# Ex Uber driver in need of tax



## Snakesey (Feb 17, 2018)

Hey folks. Does anyone know about getting tax info from Uber if you no longer work for them? Help a technophobic Luddite out?


----------



## Cableguynoe (Feb 14, 2017)

Snakesey said:


> Hey folks. Does anyone know about getting tax info from Uber if you no longer work for them? Help a technophobic Luddite out?


Why would we help you?

You turned your back on us!


----------



## htboston (Feb 22, 2016)

Cableguynoe said:


> Why would we help you?
> 
> You turned your back on us!


Excuse my jackbutt friend. This site used to be useful, but no more. Just filled with you-know-what nowadays.

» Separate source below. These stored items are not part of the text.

(* Assume $\operatorname{add}(\mathcal N)=\operatorname{cov}(\mathcal N)$. Then $\mathcal{ANM}_{\operatorname{add}(\mathcal N)}\setminus\mathcal{ND}_{\operatorname{add}(\mathcal N)}$ is $2^{\mathfrak c}$-coneable in $\left(\mathbb R^{[0,1]}\right)^{\operatorname{add}(\mathcal N)}$.
   Context: For a regular infinite cardinal $\kappa$, a $\kappa$-sequence $(x_\alpha)_{\alpha<\kappa}$ converges to $x$ if for every neighbourhood $U$ of $x$ there is $\alpha_0<\kappa$ with $x_\alpha\in U$ for all $\alpha_0<\alpha<\kappa$; $\left(\mathbb R^{[0,1]}\right)^{\kappa}$ is the real vector space of $\kappa$-sequences of functions $[0,1]\to\mathbb R$ with indexwise operations. $\lambda$ is Lebesgue measure, $\mathcal N$ the null subsets of $[0,1]$; $\operatorname{add}(\mathcal N)$ the least cardinality of a family of null sets with non-null union, $\operatorname{cov}(\mathcal N)$ the least cardinality of a family of null sets covering $[0,1]$. $\mathcal{ANM}_{\kappa}$: $\kappa$-sequences of Lebesgue measurable $f_\alpha:[0,1]\to\mathbb R$ converging a.e. to a measurable $f$ but not converging in measure to $f$. $\mathcal{ND}_{\kappa}$: $\kappa$-sequences of Lebesgue measurable $f_\alpha:[0,1]\to\mathbb R$ dominated a.e. by a common integrable $g$, converging a.e. to an integrable $f$, with $\int|f_\alpha-f|\,d\lambda\not\to0$. $S$ is $\mu$-coneable if there are linearly independent sets $B_+,B_-\subset S$ of cardinality $\mu$ such that all finite combinations of elements of $B_+$ with positive coefficients, and all finite combinations of elements of $B_-$ with negative coefficients, lie in $S$. *)

theory Defs
  imports "HOL-Analysis.Analysis"
begin

abbreviation L01 :: "real measure" where
  "L01 \<equiv> lebesgue_on {0..1}"

definition nullN :: "real set set" where
  "nullN = {A. A \<subseteq> {0..1} \<and> A \<in> null_sets lebesgue}"

text \<open>The index set I has cardinality add(N).\<close>
definition is_addN :: "'i set \<Rightarrow> bool" where
  "is_addN I \<longleftrightarrow>
     (\<exists>\<F>. \<F> \<subseteq> nullN \<and> \<Union>\<F> \<notin> nullN \<and> (card_of \<F>, card_of I) \<in> ordIso) \<and>
     (\<forall>\<F>. \<F> \<subseteq> nullN \<and> \<Union>\<F> \<notin> nullN \<longrightarrow> (card_of I, card_of \<F>) \<in> ordLeq)"

text \<open>The index set I has cardinality cov(N).\<close>
definition is_covN :: "'i set \<Rightarrow> bool" where
  "is_covN I \<longleftrightarrow>
     (\<exists>\<F>. \<F> \<subseteq> nullN \<and> \<Union>\<F> = {0..1} \<and> (card_of \<F>, card_of I) \<in> ordIso) \<and>
     (\<forall>\<F>. \<F> \<subseteq> nullN \<and> \<Union>\<F> = {0..1} \<longrightarrow> (card_of I, card_of \<F>) \<in> ordLeq)"

definition kconv :: "'i rel \<Rightarrow> ('i \<Rightarrow> 'b::topological_space) \<Rightarrow> 'b \<Rightarrow> bool" where
  "kconv \<kappa> y l \<longleftrightarrow>
     (\<forall>U. open U \<and> l \<in> U \<longrightarrow>
        (\<exists>\<alpha>0\<in>Field \<kappa>. \<forall>\<alpha>\<in>Field \<kappa>. (\<alpha>0, \<alpha>) \<in> \<kappa> \<and> \<alpha> \<noteq> \<alpha>0 \<longrightarrow> y \<alpha> \<in> U))"

definition kconv_ae :: "'i rel \<Rightarrow> ('i \<Rightarrow> real \<Rightarrow> real) \<Rightarrow> (real \<Rightarrow> real) \<Rightarrow> bool" where
  "kconv_ae \<kappa> F f \<longleftrightarrow> (AE x in L01. kconv \<kappa> (\<lambda>\<alpha>. F \<alpha> x) (f x))"

definition kconv_meas :: "'i rel \<Rightarrow> ('i \<Rightarrow> real \<Rightarrow> real) \<Rightarrow> (real \<Rightarrow> real) \<Rightarrow> bool" where
  "kconv_meas \<kappa> F f \<longleftrightarrow>
     (\<forall>\<epsilon>>0. kconv \<kappa> (\<lambda>\<alpha>. measure L01 {x \<in> space L01. \<epsilon> \<le> \<bar>F \<alpha> x - f x\<bar>}) 0)"

definition ANM :: "'i rel \<Rightarrow> ('i \<Rightarrow> real \<Rightarrow> real) set" where
  "ANM \<kappa> = {F. (\<forall>\<alpha>\<in>Field \<kappa>. F \<alpha> \<in> borel_measurable L01) \<and>
                 (\<exists>f \<in> borel_measurable L01. kconv_ae \<kappa> F f \<and> \<not> kconv_meas \<kappa> F f)}"

definition ND :: "'i rel \<Rightarrow> ('i \<Rightarrow> real \<Rightarrow> real) set" where
  "ND \<kappa> = {F. (\<forall>\<alpha>\<in>Field \<kappa>. F \<alpha> \<in> borel_measurable L01) \<and>
                (\<exists>g. integrable L01 g \<and> (\<forall>\<alpha>\<in>Field \<kappa>. AE x in L01. \<bar>F \<alpha> x\<bar> \<le> g x)) \<and>
                (\<exists>f. integrable L01 f \<and> kconv_ae \<kappa> F f \<and>
                     \<not> kconv \<kappa> (\<lambda>\<alpha>. LINT x|L01. \<bar>F \<alpha> x - f x\<bar>) 0)}"

text \<open>The vector space (R^[0,1])^kappa, realised as extensional functions
  (zero outside Field kappa and outside [0,1]).\<close>
definition seq_space :: "'i rel \<Rightarrow> ('i \<Rightarrow> real \<Rightarrow> real) set" where
  "seq_space \<kappa> = {F. \<forall>\<alpha> x. (\<alpha> \<notin> Field \<kappa> \<or> x \<notin> {0..1}) \<longrightarrow> F \<alpha> x = 0}"

definition lincomb :: "(('i \<Rightarrow> real \<Rightarrow> real) \<Rightarrow> real) \<Rightarrow> ('i \<Rightarrow> real \<Rightarrow> real) set
                        \<Rightarrow> ('i \<Rightarrow> real \<Rightarrow> real)" where
  "lincomb c A = (\<lambda>\<alpha> x. \<Sum>b\<in>A. c b * b \<alpha> x)"

definition lin_indep :: "('i \<Rightarrow> real \<Rightarrow> real) set \<Rightarrow> bool" where
  "lin_indep B \<longleftrightarrow> (\<forall>A c. finite A \<and> A \<subseteq> B \<and> lincomb c A = (\<lambda>\<alpha> x. 0) \<longrightarrow> (\<forall>b\<in>A. c b = 0))"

Try going on Uber.com, on an actual computer, and logging in and seeing if your tax info is there. Works for me.



You can always trust me. Remember my name, snake.


----------



## SEAL Team 5 (Dec 19, 2015)

Snakesey said:


> Hey folks. Does anyone know about getting tax info from Uber if you no longer work for them? Help a technophobic Luddite out?


If worse comes to worse just get your bank deposit record. That'll give you your net revenue. It will of course be different from Uber's because they give you the gross revenue from all your trips, bonuses etc.


----------



## Cableguynoe (Feb 14, 2017)

htboston said:


> Excuse my jackbutt friend. This site used to be useful, but no more. Just filled with you-know-what nowadays.
> .


UP.net doesn't pay me to help.
They pay me to entertain.


----------



## FrankLStanton (Oct 18, 2016)

SEAL Team 5 said:


> If worse comes to worse just get your bank deposit record. That'll give you your net revenue. It will of course be different from Uber's because they give you the gross revenue from all your trips, bonuses etc.


This difference could be enough to raise a flag for audit, so beware or ask a professional how to handle.


----------



## Rakos (Sep 2, 2014)

Cableguynoe said:


> UP.net doesn't pay me to help.
> They pay me to entertain.
> 
> View attachment 205666


Oh Jeez...

Now you think you're....

A Roman Gladiator.....

Sheesh...

You lettin things go to your head a bit..???

Rakos


----------